Total RNA extraction, library construction and sequencing

Trizol reagents (Invitrogen, USA) was used to extract total RNA from skin samples as per the manufacturer’s guidelines. RNA samples with RIN value greater than 8.0 and an OD 260/280 ratio greater than 1.7 were selected for RNA-sequencing. For subsequent library preparation and sequencing RNA samples were stored at −80 °C. Approximately 4 µg of total RNA was used to prepare the RNA sequencing library using the TruSeq RNA Sample Prep Kits (Illumina) as per the kit protocol. Agilent-tape station plots were used at every step to assess mRNA quality, enrichment success, fragmentation sizes, and final library sizes. Finally, the amplified fragments were sequenced using Illumina HiSeqTM 2500 to obtain 2 × 100 bp paired-end reads.

Mapping reads to the reference genome

The raw reads from all six samples were cleaned by removing the adapters, low-quality reads and those containing undermined bases. Cleaned reads from all samples were subjected to quality control analysis with FastQC7. The cleaned reads (quality scores >20 and length >25) were aligned to the reference genome of domestic goat8 (Capra hircus) downloaded from National Centre for Biotechnology Information – NCBI. The Bowtie program v2.2.69 was used to build the index of goat reference genome, whereas the reads were assembled by using the Tophat program v2.1.010. We allowed up to 1-mismatches in the seed region and reported all the multiple mapped positions. Of all the filtered reads, about 82–87% of reads in all the samples were properly aligned to the reference genome.

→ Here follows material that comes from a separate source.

(* For every $n\ge1$ and every $\pi\in S_n$, $\pi$ is $321$-avoiding if and only if $\Phi_4(\pi)$ is a parallelogram polyomino.
   Context: Cells are unit squares $[i,i+1]\times[j,j+1]$ with integer $i,j$; a polyomino is a finite edge-connected set of cells, up to translation. A directed polyomino has a distinguished cell (the source) such that every cell can be reached from the source by a path of cells moving only North or East inside the polyomino. It is column-convex if each column is connected. The (directed) height is the number of distinct diagonal lines $x+y=\text{const}$ passing through centers of its cells. A deco polyomino is a directed column-convex polyomino whose height is attained only in its last (rightmost) column; $D_n$ denotes those of height $n$. Every deco polyomino of height $n$ is built uniquely by $n$ steps from the empty polyomino; at step $j$ one performs either an elevation (add a cell at the bottom of the leftmost column; step 1 is always an elevation) or a column pasting (add a new column of $k$ cells, $1\le k\le j-1$, to the left of the current polyomino so that the bottoms of the first two columns lie at the same level). The bijection $\Phi_4:S_n\to D_n$ is defined through its inverse, recursively: the height-1 polyomino maps to the permutation $1$; if $\delta\in D_n$ arises from $\delta'\in D_{n-1}$ and $\Phi_4^{-1}(\delta')=\pi_1\cdots\pi_{n-1}$, then $\Phi_4^{-1}(\delta)=\pi_1\cdots\pi_{n-1}\,n$ if the last step is an elevation, and $\Phi_4^{-1}(\delta)=\pi_1\cdots\pi_{n-1-k}\,n\,\pi_{n-k}\cdots\pi_{n-1}$ if the last step pastes a column of length $k$. A permutation is $321$-avoiding if there are no indices $i<j<k$ with $\pi_i>\pi_j>\pi_k$. A parallelogram polyomino is a polyomino bounded by two lattice paths with steps $(1,0)$ and $(0,1)$ which intersect only at their common origin and common endpoint. *)

theory Defs
  imports Main
begin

Identification of differential expressed genes and gene enrichment analysis

Cufflinks package v2.2.111 was used for transcripts assembly and abundance measurement. Each assembled transcript was expressed as fragments per kilobase of exon per million (FPKM) fragments mapped. Finally, we estimated relative gene expression and identified DEGs by using CuffDiff program. DEGs between three sets of samples were screened based on the threshold of P-value < 0.05 and absolute log2 (fold change) ≥1. Significantly, dysregulated genes were mapped to each term of GO database12. The hypergeometric test was used to identify significantly enriched GO terms against genome background (Bos taurus), where Bonferroni corrected P-value < 0.05 was used as a threshold. To further evaluate the biological significance of the DEGs, the KEGG pathway enrichment analysis was performed.

Coding potential calculation and lncRNA-target gene prediction

To achieve high-quality data, we utilized Coding-Non-Coding-Index (CNCI)13, Coding potential calculator (CPC)14, PFAM15, and PLEK16 to distinguish long non-coding RNA from mRNA. These programs are based on different philosophies to distinguish coding and non-coding sequences. Transcripts anticipated with coding potential by any of the four tools were filtered out, and final dataset contained transcripts shared by four tools as potential lncRNAs.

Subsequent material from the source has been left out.